Another individual said he moved to “cheat the system” just to avoid jury duty when he found out that he was summoned through the mail service.

“When I was called to be a juror some years ago, I got my doctor to write me something to say that I am of ill health. It was a murder trial and I wanted no part of it. I don’t see it as me not helping to get justice or whatever. If someone doesn’t commit, they can get other people to do so,” he told the Sunday Observer.

“My doctor link didn’t have a problem with getting me out of it because he agreed that there was a potential risk. If they don’t want people to go to those means then these thing should be voluntary, or people should have a choice to say, ‘Look, I am not comfortable doing this or I feel like I will be in danger’. It is as simple as that.”

Meanwhile, Director of Public Prosecutions Paula Llewellyn told the Sunday Observer that such reasoning is a mask to conceal people’s desire to avoid the “civic” duty.

“Nothing is going to happen. It’s a cop-out. Some of them just like to say they are afraid to get out of the duty. And some of them go to doctors who unethically give them sick certificates. I always say that it is a lack of civic pride. You can’t want justice and sit down in an armchair,” Llewellyn lamented.

The prosecutor further stated that she has never heard of any instance in which individuals selected as part of a jury have been targeted for their involvement in any case.
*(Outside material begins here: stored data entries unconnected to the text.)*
(* Let $r\ge1$, $a,b,q$ be nonnegative integers and $p$ a real number with $0\le p\le b$, $0\le q\le a$, $a-q=r(b-p)$, and $a$ and $b$ not both zero. Let $P\subset\mathbb{R}^2$ be the closed (possibly degenerate) pentagon with vertices $(0,0),(0,a),(p,a),(b,q),(b,0)$. Call a sequence $(c_1,\dots,c_a)$ of nonnegative integers a parking function in $P$ if its nondecreasing rearrangement $s_1\le s_2\le\cdots\le s_a$ is the left-area sequence of some lattice path from $(0,a)$ to $(b,0)$ with unit steps $(0,-1)$ and $(1,0)$ contained in $P$, where the left-area sequence of such a path is $(s_1,\dots,s_a)$ with $s_i$ the $x$-coordinate of the down step going from height $a-i+1$ to height $a-i$. Define $G(a,b,p,r,q)$ recursively by $$G(a,b,p,r,q)=\begin{cases}(b+1)^a & \text{if } p=b \ (\text{equivalently } q=a,\ P\text{ a rectangle or segment}),\\[4pt] \displaystyle\sum_{w=0}^{q} b^{a-q+w}\binom{a}{q-w} & \text{else if } a-q\le r,\\[4pt] \displaystyle\sum_{w=0}^{q}(\lfloor p\rfloor+1)^{a-w}(b-\lfloor p\rfloor)^{w}\binom{a}{w}+\sum_{t=q+1}^{q+(b-\lfloor p\rfloor-1)r}(\lfloor p\rfloor+1)^{a-t}\binom{a}{t}\,G(\xi_t) & \text{otherwise,}\end{cases}$$ where $\xi_t=\big(t,\ b-\lfloor p\rfloor-1,\ b-\lfloor p\rfloor-\tfrac{t-q}{r}-1,\ r,\ q\big)$. Then the number of parking functions in $P$ equals $G(a,b,p,r,q)$.
   Context: The pentagon $P$ has a slanted side from $(p,a)$ to $(b,q)$ along which the height drops by $r$ for each unit of horizontal displacement; $\lfloor p\rfloor$ denotes the integer part of $p$. *)

theory Defs
  imports "HOL-Analysis.Analysis"
begin

definition pentagon :: "nat \<Rightarrow> nat \<Rightarrow> real \<Rightarrow> nat \<Rightarrow> (real \<times> real) set" where
  "pentagon a b p q = convex hull {(0,0), (0, real a), (p, real a), (real b, real q), (real b, 0)}"

text \<open>A lattice path starting at (0,a) is encoded by its list of unit steps:
  True = down step (0,-1), False = right step (1,0).
  The k-th vertex of the path:\<close>
definition path_pt :: "nat \<Rightarrow> bool list \<Rightarrow> nat \<Rightarrow> real \<times> real" where
  "path_pt a st k = (real (length (filter Not (take k st))),
                     real a - real (length (filter id (take k st))))"

definition lattice_path_in :: "nat \<Rightarrow> nat \<Rightarrow> (real \<times> real) set \<Rightarrow> bool list \<Rightarrow> bool" where
  "lattice_path_in a b S st \<longleftrightarrow>
     length (filter id st) = a \<and> length (filter Not st) = b \<and>
     (\<forall>k < length st. closed_segment (path_pt a st k) (path_pt a st (Suc k)) \<subseteq> S)"

fun left_area_aux :: "nat \<Rightarrow> bool list \<Rightarrow> nat list" where
  "left_area_aux x [] = []"
| "left_area_aux x (True # st) = x # left_area_aux x st"
| "left_area_aux x (False # st) = left_area_aux (Suc x) st"

definition left_area :: "bool list \<Rightarrow> nat list" where
  "left_area st = left_area_aux 0 st"

definition parking_fn :: "nat \<Rightarrow> nat \<Rightarrow> real \<Rightarrow> nat \<Rightarrow> nat list \<Rightarrow> bool" where
  "parking_fn a b p q c \<longleftrightarrow> length c = a \<and>
     (\<exists>st. lattice_path_in a b (pentagon a b p q) st \<and> sort c = left_area st)"

text \<open>The guard "0 < b" in front of the
  recursive call is always true when the third case is reached under the hypotheses of the
  theorem (b = 0 forces p = b); it is only there to make the recursion total.\<close>
function G :: "nat \<Rightarrow> nat \<Rightarrow> real \<Rightarrow> nat \<Rightarrow> nat \<Rightarrow> nat" where
  "G a b p r q =
    (if p = real b then (b + 1) ^ a
     else if a - q \<le> r then (\<Sum>w = 0..q. b ^ (a - q + w) * (a choose (q - w)))
     else (\<Sum>w = 0..q. (nat \<lfloor>p\<rfloor> + 1) ^ (a - w) * (b - nat \<lfloor>p\<rfloor>) ^ w * (a choose w))
        + (\<Sum>t = q + 1..q + (b - nat \<lfloor>p\<rfloor> - 1) * r.
             (nat \<lfloor>p\<rfloor> + 1) ^ (a - t) * (a choose t) *
             (if 0 < b then
                G t (b - nat \<lfloor>p\<rfloor> - 1)
                  (real (b - nat \<lfloor>p\<rfloor>) - (real t - real q) / real r - 1) r q
              else 0)))"
  by pat_completeness auto
termination
  by (relation "Wellfounded.measure (\<lambda>(a, b, p, r, q). b)") auto

end

theory Submission
  imports Defs
begin

text \<open>Inside the pentagon the slanted side is the line \<open>y = q + r (b - x)\<close>, and a
  monotone lattice path lies in the (convex) pentagon iff its vertices do.  Hence a sequence
  is a parking function iff its \<open>i\<close>-th smallest entry \<open>s\<^sub>i\<close> (counted from 0) satisfies
  \<open>s\<^sub>i \<le> b\<close> and \<open>r s\<^sub>i \<le> r p + i\<close>.  For \<open>f = \<lfloor>p\<rfloor>\<close> the entries \<open>\<le> f\<close> are unconstrained;
  choosing the \<open>t\<close> positions of the larger entries and the values of the others gives
  \<open>(a choose t) (f + 1)\<^sup>a\<^sup>-\<^sup>t\<close>, while the larger entries, shifted down by \<open>f + 1\<close>, form a
  parking function of the same kind in the pentagon \<open>\<xi>\<^sub>t\<close> of width \<open>b - f - 1\<close>.  That
  pentagon is a rectangle for \<open>t \<le> q\<close> and empty for \<open>t > q + (b - f - 1) r\<close>, which gives
  the recursion for \<open>G\<close> by induction on \<open>b\<close>.\<close>

lemma convex_slanted_region:
  "convex {(x, y). 0 \<le> x \<and> x \<le> (b::real) \<and> 0 \<le> y \<and> y \<le> (a::real) \<and> y \<le> q + r * (b - x)}"
proof -
  have "{(x, y). 0 \<le> x \<and> x \<le> b \<and> 0 \<le> y \<and> y \<le> a \<and> y \<le> q + r * (b - x)} =
      {z. inner (-1, 0) z \<le> 0} \<inter> {z. inner (1, 0) z \<le> b} \<inter> {z. inner (0, -1) z \<le> 0}
      \<inter> {z. inner (0, 1) z \<le> a} \<inter> {z. inner (r, 1) z \<le> q + r * b}"
    by (auto simp: inner_Pair algebra_simps)
  then show ?thesis by (simp add: convex_Int convex_halfspace_le)
qed

locale slanted_pentagon =
  fixes a b q r :: nat and p :: real
  assumes p_nonneg: "0 \<le> p" and p_le_b: "p \<le> real b" and q_le_a: "q \<le> a"
    and slope: "real a - real q = real r * (real b - p)"
begin

lemma pentagon_eq:
  "pentagon a b p q =
     {(x, y). 0 \<le> x \<and> x \<le> real b \<and> 0 \<le> y \<and> y \<le> real a \<and> y \<le> real q + real r * (real b - x)}"
    (is "?H = ?R")
proof
  have "real a \<le> real q + real r * real b"
    using slope mult_nonneg_nonneg[OF of_nat_0_le_iff p_nonneg, of r] by argo
  then show "?H \<subseteq> ?R"
    unfolding pentagon_def using p_nonneg p_le_b q_le_a slope
    by (intro hull_minimal convex_slanted_region) (auto simp: algebra_simps)
next
  have cvx: "convex ?H"
    unfolding pentagon_def by (rule convex_convex_hull)
  have seg: "closed_segment A B \<subseteq> ?H"
    if "A \<in> {(0,0), (0, real a), (p, real a), (real b, real q), (real b, 0)}"
       "B \<in> {(0,0), (0, real a), (p, real a), (real b, real q), (real b, 0)}" for A B
    using that unfolding pentagon_def by (intro closed_segment_subset convex_convex_hull hull_inc)
  show "?R \<subseteq> ?H"
  proof (clarify)
    fix x y assume x: "0 \<le> x" "x \<le> real b" and y: "0 \<le> y" "y \<le> real a"
      and below: "y \<le> real q + real r * (real b - x)"
    obtain t where top: "(x, t) \<in> ?H" and "y \<le> t"
    proof (cases "x \<le> p")
      case True
      have "(x, real a) \<in> closed_segment (0, real a) (p, real a)"
        using True x by (simp add: closed_segment_same_snd closed_segment_eq_real_ivl p_nonneg)
      then show ?thesis using seg y that by blast
    next
      case False
      define u where "u = (x - p) / (real b - p)"
      have u: "0 \<le> u" "u \<le> 1" using False x by (auto simp: u_def)
      have ux: "u * (real b - p) = x - p" using False x by (simp add: u_def)
      have "(1 - u) * real a + u * real q = real a - u * (real a - real q)"
        by (simp add: algebra_simps)
      also have "\<dots> = real a - real r * (x - p)"
        by (simp add: slope mult.left_commute flip: ux)
      also have "\<dots> = real q + real r * (real b - x)"
        using slope by (simp add: algebra_simps)
      finally have "(x, real q + real r * (real b - x)) = (1 - u) *\<^sub>R (p, real a) + u *\<^sub>R (real b, real q)"
        using ux by (simp add: algebra_simps)
      then have "(x, real q + real r * (real b - x)) \<in> closed_segment (p, real a) (real b, real q)"
        using u by (auto simp: in_segment)
      then show ?thesis using seg below that by blast
    qed
    have "(x, 0) \<in> closed_segment (0, 0) (real b, 0)"
      using x by (simp add: closed_segment_same_snd closed_segment_eq_real_ivl)
    then have bottom: "(x, 0) \<in> ?H" using seg by blast
    have "(x, y) \<in> closed_segment (x, 0) (x, t)"
      using y \<open>y \<le> t\<close> by (simp add: closed_segment_same_fst closed_segment_eq_real_ivl)
    then show "(x, y) \<in> ?H"
      using closed_segment_subset[OF bottom top cvx] by blast
  qed
qed

end

lemma filter_eta_id [simp]: "filter (\<lambda>b. b) xs = filter id xs"
  by (simp add: id_def)

lemma length_left_area_aux: "length (left_area_aux x st) = length (filter id st)"
  by (induction x st rule: left_area_aux.induct) auto

lemma left_area_aux_ge: "y \<in> set (left_area_aux x st) \<Longrightarrow> x \<le> y"
  by (induction x st rule: left_area_aux.induct) force+

lemma left_area_aux_nth_down_step:
  assumes "i < length (filter id st)"
  obtains k where "k < length st" "st ! k" "length (filter id (take k st)) = i"
    "left_area_aux x st ! i = x + length (filter Not (take k st))"
  using assms
proof (induction x st arbitrary: i thesis rule: left_area_aux.induct)
  case (2 x st)
  show ?case
  proof (cases i)
    case 0
    then show ?thesis using "2.prems"(1)[of 0] by simp
  next
    case (Suc j)
    with "2.prems"(2) have "j < length (filter id st)" by simp
    then obtain k where "k < length st" "st ! k" "length (filter id (take k st)) = j"
      "left_area_aux x st ! j = x + length (filter Not (take k st))"
      using "2.IH" by blast
    with Suc show ?thesis using "2.prems"(1)[of "Suc k"] by simp
  qed
next
  case (3 x st)
  then have "i < length (filter id st)" by simp
  then obtain k where "k < length st" "st ! k" "length (filter id (take k st)) = i"
    "left_area_aux (Suc x) st ! i = Suc x + length (filter Not (take k st))"
    using "3.IH" by blast
  then show ?case using "3.prems"(1)[of "Suc k"] by simp
qed simp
“I’ve never seen that in my practice. I have never really heard of a juror being attacked or anything like that, and that’s because of the system and how it is. These are a group of people and their contact information is kept literally under lock and key in the custody of the registrar,” she said.

“Apart from their name and occupation, there is no contact information for them that comes out into the public domain. And very often, in my experience, they are asked to leave the courtroom first and everybody else leaves after them.”

The Jury Duty Act stipulates who qualifies to serve. Any Jamaican living in the country between the ages of 18 and 69 who has a tax registration number (TRN) or is registered to vote can be selected for jury duty.

The CAD is responsible for issuing summonses to people for jury duty. Summonses are issued to the police for distribution to selected citizens who are expected to report to the court specified on the date stipulated.

The CAD also serves to restructure the institutional framework through which administrative services are provided to the courts and further strengthen judicial independence.

Last year director of client services, communications and information at the CAD Kadiesh Fletcher said, while there has been low turnout, the courts have been able to proceed with matters set for jury trials.

Fletcher also noted that jury duty presents the opportunity for people to learn about the court systems and help their fellow citizens get justice.

Llewellyn added that she has heard stories of attempts made to bribe jurors.

“And even then, that hardly happens, because usually, ethically, at the end of each day when they are sitting, the judge gives them a warning that they are not to discuss the case with anybody. And the judge warns that if anybody is trying to interfere with them, they are supposed to report it to the registrar.”